田中COO:本当にありがたい話です。まだ会見の時も、新しいことだし、最終的にはチームの強化にも繋がってくるというところを言ってくれていたので、僕らとしてもありがたい。

新しい技術って、特に若い世代の人たちは興味があると思うんです。なので、これを機会にもっと選手たちにも知っていただいて、知るだけでなくもっと発信していただければ嬉しいです。

この新しい応援の仕方というところは、アビスパさんだけでなく、選手に対してもメリットがある。NFTとかもうまく使いながら、みんなが潤っていくような世界観ができればいいかなと思っています。

ーー選手とサポーターがクラブのために一緒に何かをするというのは素晴らしいですね。
川森社長:はい。事業や運営などについてオンラインで意見を頂いて集約したり、選手たちがそこにコメントしてくるコミュニティープラットフォームは今までありませんでした。従来ですと後援会やファンクラブがアビスパ福岡の応援団としてございますが、基本オフラインでの取り組みとなっています。アビスパDAOはオンラインでリアルタイムに情報が共有されますのでスピード感もあり、全く新しい取り組みだと思います。

田中COO:そうですね。トークン保有者みたいな同じ立場で、インセンティブがあるというところは目線が一緒になるかなと思っていますね。

■勝負の3年目へ

ーー最後に、今後に向けた思いや意気込みをお聞かせください
川森社長:今シーズンはJ1に定着するため、3年目ということで勝負の年だと考えています。
社会環境も不安定で変化も激しい中、「共創」というテーマを掲げ、クラブはあらゆる面で進化していかなければならないと強く感じています。そのためには最新のテクノロジーも活用して地域課題と向き合い、デジタルとリアルな取り組みをサスティナブルに実行し、クラブ価値を高めていきたいと思います。

特に今年テーマに掲げました「共創」は時代にマッチした重要な取り組みです。チャリチャリというレンタル自転車が福岡ではいっぱい配置されていますが、先日パートナー契約を締結させていただき、アビスパのロゴとキャラクターを掲出した自転車が街を走り、CO2削減に向けた取り組みをしながら、地域の皆様にアビスパ福岡を知っていただきカーボンニュートラルに向けた取り組みをスタートいたしました。

デジタルな領域では、DAOのような、オンラインコミュニティでご縁をいただいた方々の輪を拡げ、クラブ運営についてもご意見をいただきながら年商規模を拡大していくことにチャレンジしたいと思います。

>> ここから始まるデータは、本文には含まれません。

lemma productive_dom_aut_iff:
  fixes T :: "('q, 'f, 'g) tdtt"
  assumes wf: "tdtt_wf T" and "s \<in> trees (inp T)" and "S \<subseteq> states T"
  shows "productive (dom_aut_rules T) (inp T) (SSt S s) \<longleftrightarrow>
    (\<forall>q\<in>S. productive (rules T) (outp T) (SSt q s))"
  using assms(2,3)
proof (induction arbitrary: S)
  case (1 a ss)
  let ?PA = "\<lambda>S s. productive (dom_aut_rules T) (inp T) (SSt S s)"
  let ?PT = "\<lambda>q s. productive (rules T) (outp T) (SSt q s)"
  define k where "k = length ss"
  define admissible where "admissible (G :: 'q \<Rightarrow> ('q, 'g) rhs set) \<longleftrightarrow>
    (\<forall>q\<in>S. G q \<noteq> {} \<and> G q \<subseteq> rhs_set T q a k)" for G
  define Si where "Si (G :: 'q \<Rightarrow> ('q, 'g) rhs set) i = (\<Union>q\<in>S. gam_at (G q) i)" for G i
  have Si_wf: "q' \<in> states T \<and> i < k" if "admissible G" "q \<in> S" "q' \<in> gam_at (G q) i" for G q q' i
    using that by (intro gam_at_rhs_set_wf[OF wf, of "G q" q]) (auto simp: admissible_def)
  have Si_states: "Si G i \<subseteq> states T" if "admissible G" for G i
    using Si_wf[OF that] unfolding Si_def by blast
  have IH: "?PA S' (ss ! i) \<longleftrightarrow> (\<forall>q'\<in>S'. ?PT q' (ss ! i))" if "i < k" "S' \<subseteq> states T" for i S'
    using "1.IH" nth_mem[of i ss] that unfolding k_def by blast
  have productive_inst_rules:
    "productive (rules T) (outp T) (inst ss t) \<longleftrightarrow> (\<forall>i. \<forall>q'\<in>states_at i t. ?PT q' (ss ! i))"
    if "t \<in> rhs_set T q a k" for q t
    using that tdtt_wf_rules_rhs_wf[OF wf] by (intro productive_inst_iff) (simp add: rhs_set_def)
  have Ball_Si_iff: "(\<forall>i<k. \<forall>q'\<in>Si G i. P q' i) \<longleftrightarrow> (\<forall>q\<in>S. \<forall>t\<in>G q. \<forall>i. \<forall>q'\<in>states_at i t. P q' i)"
    if "admissible G" for G P
    using Si_wf[OF that] unfolding Si_def gam_at_def by blast
  have "?PA S (Node a ss) \<longleftrightarrow>
      (\<exists>G. admissible G \<and>
         productive (dom_aut_rules T) (inp T) (inst ss (RNode a (map (\<lambda>i. RSt (Si G i) i) [0..<k]))))"
    using "1.hyps" "1.prems"
    unfolding productive_SSt_Node_iff dom_aut_rules_iff admissible_def Si_def k_def by blast
  also have "\<dots> \<longleftrightarrow> (\<exists>G. admissible G \<and> (\<forall>i<k. ?PA (Si G i) (ss ! i)))"
    by (simp only: productive_inst_dom_aut_rhs[OF "1.hyps"[folded k_def]])
  also have "\<dots> \<longleftrightarrow> (\<exists>G. admissible G \<and> (\<forall>i<k. \<forall>q'\<in>Si G i. ?PT q' (ss ! i)))"
    by (simp add: IH Si_states cong: conj_cong)
  also have "\<dots> \<longleftrightarrow> (\<exists>G. admissible G \<and> (\<forall>q\<in>S. \<forall>t\<in>G q. \<forall>i. \<forall>q'\<in>states_at i t. ?PT q' (ss ! i)))"
    by (intro ex_cong1 conj_cong refl Ball_Si_iff)
  also have "\<dots> \<longleftrightarrow> (\<forall>q\<in>S. \<exists>t\<in>rhs_set T q a k. \<forall>i. \<forall>q'\<in>states_at i t. ?PT q' (ss ! i))"
    unfolding admissible_def by (rule ex_nonempty_subsets_iff)
  also have "\<dots> \<longleftrightarrow> (\<forall>q\<in>S. ?PT q (Node a ss))"
    using productive_inst_rules unfolding productive_SSt_Node_iff k_def[symmetric] rhs_set_def
    by blast
  finally show ?case .
qed
(* Let $m>1$, $D>0$, $r>0$, let $b,d$ be as in the standing assumptions below with $b'(\kappa)<0$, and let $c_\kappa$ and $c^*$ be as defined below. Then $c^*(m,r,b'(\kappa),d'(\kappa))\ge c_\kappa(m,r,b'(\kappa),d'(\kappa))$. If $b'(\kappa)\ge-d'(\kappa)$, then $c^*(m,r,b'(\kappa),d'(\kappa))=+\infty$ for large time delay $r$; while if $b'(\kappa)<-d'(\kappa)$, then $$c^*(m,r,b'(\kappa),d'(\kappa))=\frac{\mu^*(m,b'(\kappa),d'(\kappa))+o(1)}{r},\qquad r\to+\infty,$$ where $\mu^*(m,b'(\kappa),d'(\kappa)):=\pi\sqrt{\frac{Dm\kappa^{m-1}}{-b'(\kappa)-d'(\kappa)}}$.
   Context: Standing assumptions: $d\in C^2([0,+\infty))$ with $d(0)=0$, $d'(s)>0$, $d''(s)\ge0$ for $s>0$; $b\in C^1([0,+\infty);[0,+\infty))$ has exactly one positive local extremum point $s_M$ (its global maximum point), $b(0)=0$, there is $\kappa>0$ with $b(\kappa)=d(\kappa)$, $b'(0)>d'(0)$, $b'(\kappa)<d'(\kappa)$, $d(s)<b(s)\le b'(0)s$ for $s\in(0,\kappa)$, and $s_M<\kappa$. For $c>0$ let $\chi_\kappa(\lambda):=Dm\kappa^{m-1}\lambda^2+b'(\kappa)e^{-\lambda cr}-c\lambda-d'(\kappa)$; $c_\kappa\in(0,+\infty]$ is the extended real number such that $\chi_\kappa$ has three real roots $\lambda_1\le\lambda_2<0<\lambda_3$ if and only if $c\le c_\kappa$ (and no negative real root for $c>c_\kappa$). With $\sigma=c^{-2}$, let $\chi^*(\lambda):=D\sigma m\kappa^{m-1}\lambda^2-\lambda-d'(\kappa)+b'(\kappa)e^{-\lambda r}$, $\lambda\in\mathbb C$. Then $c^*=c^*(m,r,b'(\kappa),d'(\kappa))\in(0,+\infty]$ is the largest extended real number such that (for speeds $c$ below it) $\chi^*$ has no roots in the half-plane $\{\Re z>0\}$ other than a positive real root. *)

theory Defs
  imports "HOL-Analysis.Analysis" "HOL-Library.Extended_Real"
begin

text \<open>Parameters: D (diffusion), m (porous-medium exponent), kappa (positive equilibrium),
  B = b'(kappa), d1 = d'(kappa), c (speed), r (delay).\<close>

definition chi_kappa :: "real \<Rightarrow> real \<Rightarrow> real \<Rightarrow> real \<Rightarrow> real \<Rightarrow> real \<Rightarrow> real \<Rightarrow> real \<Rightarrow> real" where
  "chi_kappa D m kappa B d1 r c lam =
     D * m * kappa powr (m - 1) * lam\<^sup>2 + B * exp (- lam * c * r) - c * lam - d1"

definition chi_kappa' :: "real \<Rightarrow> real \<Rightarrow> real \<Rightarrow> real \<Rightarrow> real \<Rightarrow> real \<Rightarrow> real \<Rightarrow> real \<Rightarrow> real" where
  "chi_kappa' D m kappa B d1 r c lam =
     2 * D * m * kappa powr (m - 1) * lam - B * c * r * exp (- lam * c * r) - c"

definition three_real_roots :: "real \<Rightarrow> real \<Rightarrow> real \<Rightarrow> real \<Rightarrow> real \<Rightarrow> real \<Rightarrow> real \<Rightarrow> bool" where
  "three_real_roots D m kappa B d1 r c \<longleftrightarrow>
     (\<exists>l1 l2 l3. l1 \<le> l2 \<and> l2 < 0 \<and> 0 < l3 \<and>
        chi_kappa D m kappa B d1 r c l1 = 0 \<and> chi_kappa D m kappa B d1 r c l2 = 0 \<and>
        chi_kappa D m kappa B d1 r c l3 = 0 \<and>
        (l1 = l2 \<longrightarrow> chi_kappa' D m kappa B d1 r c l1 = 0))"

definition c_kappa :: "real \<Rightarrow> real \<Rightarrow> real \<Rightarrow> real \<Rightarrow> real \<Rightarrow> real \<Rightarrow> ereal" where
  "c_kappa D m kappa B d1 r =
     Sup {ereal c | c. c > 0 \<and> three_real_roots D m kappa B d1 r c}"

definition chi_star :: "real \<Rightarrow> real \<Rightarrow> real \<Rightarrow> real \<Rightarrow> real \<Rightarrow> real \<Rightarrow> real \<Rightarrow> complex \<Rightarrow> complex" where
  "chi_star D m kappa B d1 r c z =
     of_real (D * (1 / c\<^sup>2) * m * kappa powr (m - 1)) * z\<^sup>2 - z - of_real d1
       + of_real B * exp (- z * of_real r)"

definition no_bad_roots :: "real \<Rightarrow> real \<Rightarrow> real \<Rightarrow> real \<Rightarrow> real \<Rightarrow> real \<Rightarrow> real \<Rightarrow> bool" where
  "no_bad_roots D m kappa B d1 r c \<longleftrightarrow>
     (\<forall>z. Re z > 0 \<longrightarrow> chi_star D m kappa B d1 r c z = 0 \<longrightarrow> Im z = 0)"

definition c_star :: "real \<Rightarrow> real \<Rightarrow> real \<Rightarrow> real \<Rightarrow> real \<Rightarrow> real \<Rightarrow> ereal" where
  "c_star D m kappa B d1 r =
     Sup {c0 :: ereal. \<forall>c::real. 0 < c \<and> ereal c < c0 \<longrightarrow> no_bad_roots D m kappa B d1 r c}"

definition mu_star :: "real \<Rightarrow> real \<Rightarrow> real \<Rightarrow> real \<Rightarrow> real \<Rightarrow> real" where
  "mu_star D m kappa B d1 = pi * sqrt (D * m * kappa powr (m - 1) / (- B - d1))"

definition loc_extremum :: "(real \<Rightarrow> real) \<Rightarrow> real \<Rightarrow> bool" where
  "loc_extremum f s \<longleftrightarrow>
     (\<exists>e>0. \<forall>t. \<bar>t - s\<bar> < e \<longrightarrow> f t \<le> f s) \<or> (\<exists>e>0. \<forall>t. \<bar>t - s\<bar> < e \<longrightarrow> f s \<le> f t)"

end

theory Submission
  imports Defs
begin

text \<open>
  Put w = r z, alpha = D m kappa^(m-1) / (c r)^2, epsilon = 1/r, delta = d'(kappa) and
  beta = -b'(kappa) > 0. Then chi^* becomes
  Phi(w) = alpha w^2 - epsilon w - delta - beta e^(-w), and chi_kappa is Phi on the real axis
  at w = lambda c r. Take a nonreal root xi + i eta of Phi with xi > 0. Eliminating epsilon
  between its real and imaginary parts gives alpha |w|^2 + delta < beta. So there is no such root when
  beta <= delta, whatever the speed. A comparison along the real axis shows that such a root
  forces Phi < 0 on the negative reals. Hence a negative root of chi_kappa at some speed
  excludes nonreal roots at every smaller speed, which gives c_kappa <= c^*.
  When beta > delta and epsilon -> 0, nonreal roots have eta close to pi. They exist for
  some alpha close to (beta - delta) / pi^2 and for none above it. In terms of c this is
  c r -> pi sqrt (D m kappa^(m-1) / (beta - delta)).
\<close>

section \<open>The rescaled characteristic function\<close>

definition scaled_chi :: "real \<Rightarrow> real \<Rightarrow> real \<Rightarrow> real \<Rightarrow> 'a::{real_normed_field,banach} \<Rightarrow> 'a" where
  "scaled_chi \<alpha> \<epsilon> \<delta> \<beta> w = of_real \<alpha> * w\<^sup>2 - of_real \<epsilon> * w - of_real \<delta> - of_real \<beta> * exp (- w)"
(* Let $n\ge1$, $m \ge 1$ be integers and $\lambda > 1$, $\sigma > 1$ real numbers, and let $a_\alpha$, $a$, $b$ be as in the context. There is a constant $C > 0$ depending only on $n, m, \lambda, \sigma$ such that for every solution $u$ of the inequality $\sum_{|\alpha| = m} (-1)^m \partial^\alpha a_\alpha(x, u) \ge b(x) |u|^\lambda$ in $\mathbb{R}^n$ the following holds: if $0 < r_1 < r_2$ are real numbers with $r_2 = \sqrt{\sigma}\, r_1$, $J(r_2) \le 2J(r_1)$ and $J(r_1) > 0$, then $$J^{1-\lambda}(r_1) - J^{1-\lambda}(r_2) \ge C \int_{r_1}^{r_2} r^{(m-n)\lambda + n - 1} h(r)\, dr,$$ where $J$ and $h$ are defined in the context.
   Context: For each multi-index $\alpha$ with $|\alpha| = m$, $a_\alpha : \mathbb{R}^n \times \mathbb{R} \to \mathbb{R}$ is a given function and $\partial^\alpha = \partial^{|\alpha|}/\partial x_1^{\alpha_1}\cdots\partial x_n^{\alpha_n}$. The function $b : \mathbb{R}^n \to (0,\infty)$ is positive measurable, and $a : \mathbb{R}^n \to (0,\infty)$ is positive measurable with $|a_\alpha(x,\zeta)| \le a(x)|\zeta|$ for almost all $x$, all $\zeta \in \mathbb{R}$, all $|\alpha|=m$. $B_r$ is the open ball of radius $r$ centered at $0$ in $\mathbb{R}^n$. A solution is a function $u$ with $b|u|^\lambda \in L_{1,loc}(\mathbb{R}^n)$, $a_\alpha(x,u) \in L_{1,loc}(\mathbb{R}^n)$ for all $|\alpha|=m$, and $\int_{\mathbb{R}^n} \sum_{|\alpha|=m} a_\alpha(x,u)\partial^\alpha\varphi\,dx \ge \int_{\mathbb{R}^n} b|u|^\lambda \varphi\,dx$ for all non-negative $\varphi \in C_0^\infty(\mathbb{R}^n)$. For $r>0$: $J(r) = \int_{B_r} b(x)|u|^\lambda\,dx$ and $$h(r) = \left( \frac{1}{r^n} \int_{B_{\sqrt{\sigma} r} \setminus B_{r/\sqrt{\sigma}}} a^{\lambda/(\lambda-1)}(x) b^{-1/(\lambda-1)}(x)\,dx \right)^{1-\lambda},$$ with $h(r) = 0$ if the integral equals $\infty$. *)

theory Defs
  imports "HOL-Analysis.Analysis"
begin

definition pd :: "'n::finite \<Rightarrow> (real^'n \<Rightarrow> real) \<Rightarrow> (real^'n \<Rightarrow> real)" where
  "pd i g = (\<lambda>x. frechet_derivative g (at x) (axis i 1))"

definition smooth_fun :: "(real^'n::finite \<Rightarrow> real) \<Rightarrow> bool" where
  "smooth_fun f \<longleftrightarrow> (\<forall>ds x. (foldr pd ds f) differentiable (at x))"

definition test_fun :: "(real^'n::finite \<Rightarrow> real) \<Rightarrow> bool" where
  "test_fun f \<longleftrightarrow> smooth_fun f \<and> compact (closure {x. f x \<noteq> 0})"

チームも去年から進化した戦い方、結果にこだわりつつ、監督が今シーズンの目標として示したリーグ戦8位以上、カップ戦ベスト4位以上を達成していきたいです。

そのためにフロントとチームが一体となって、良い時も苦しい時もそれを分かち合い、鼓舞する言葉を掛け合いながら、最後までやりぬく気持ちを強く持って1年を戦い抜き、市民クラブとしてアジアを代表する強豪クラブに成長していきたいと思います。

田中COO:我々としてはまずしっかりと、今回一緒に打ち出したアビスパさんのDAOを成功させていくというところは、コミットして達成していきたいというのがひとつ。

どこのスポーツチームでも抱えている問題が3つあると思っていて、ひとつは収益をいかに上げていくか、上げ続けられるか。2つ目は新規のファンを獲得していけるか。そして3つ目が既存のファンを含めて体験価値をより向上させていけるか。そこに尽きるかなと思っています。

これをDAOによって今までにないファンの人たちが入ってきて、そこで継続的な収益と、さらに入っていただいた人たちに今までにない体験価値を提供していく。そこをわかりやすい形で明確に可視化できればいいかなと思っています。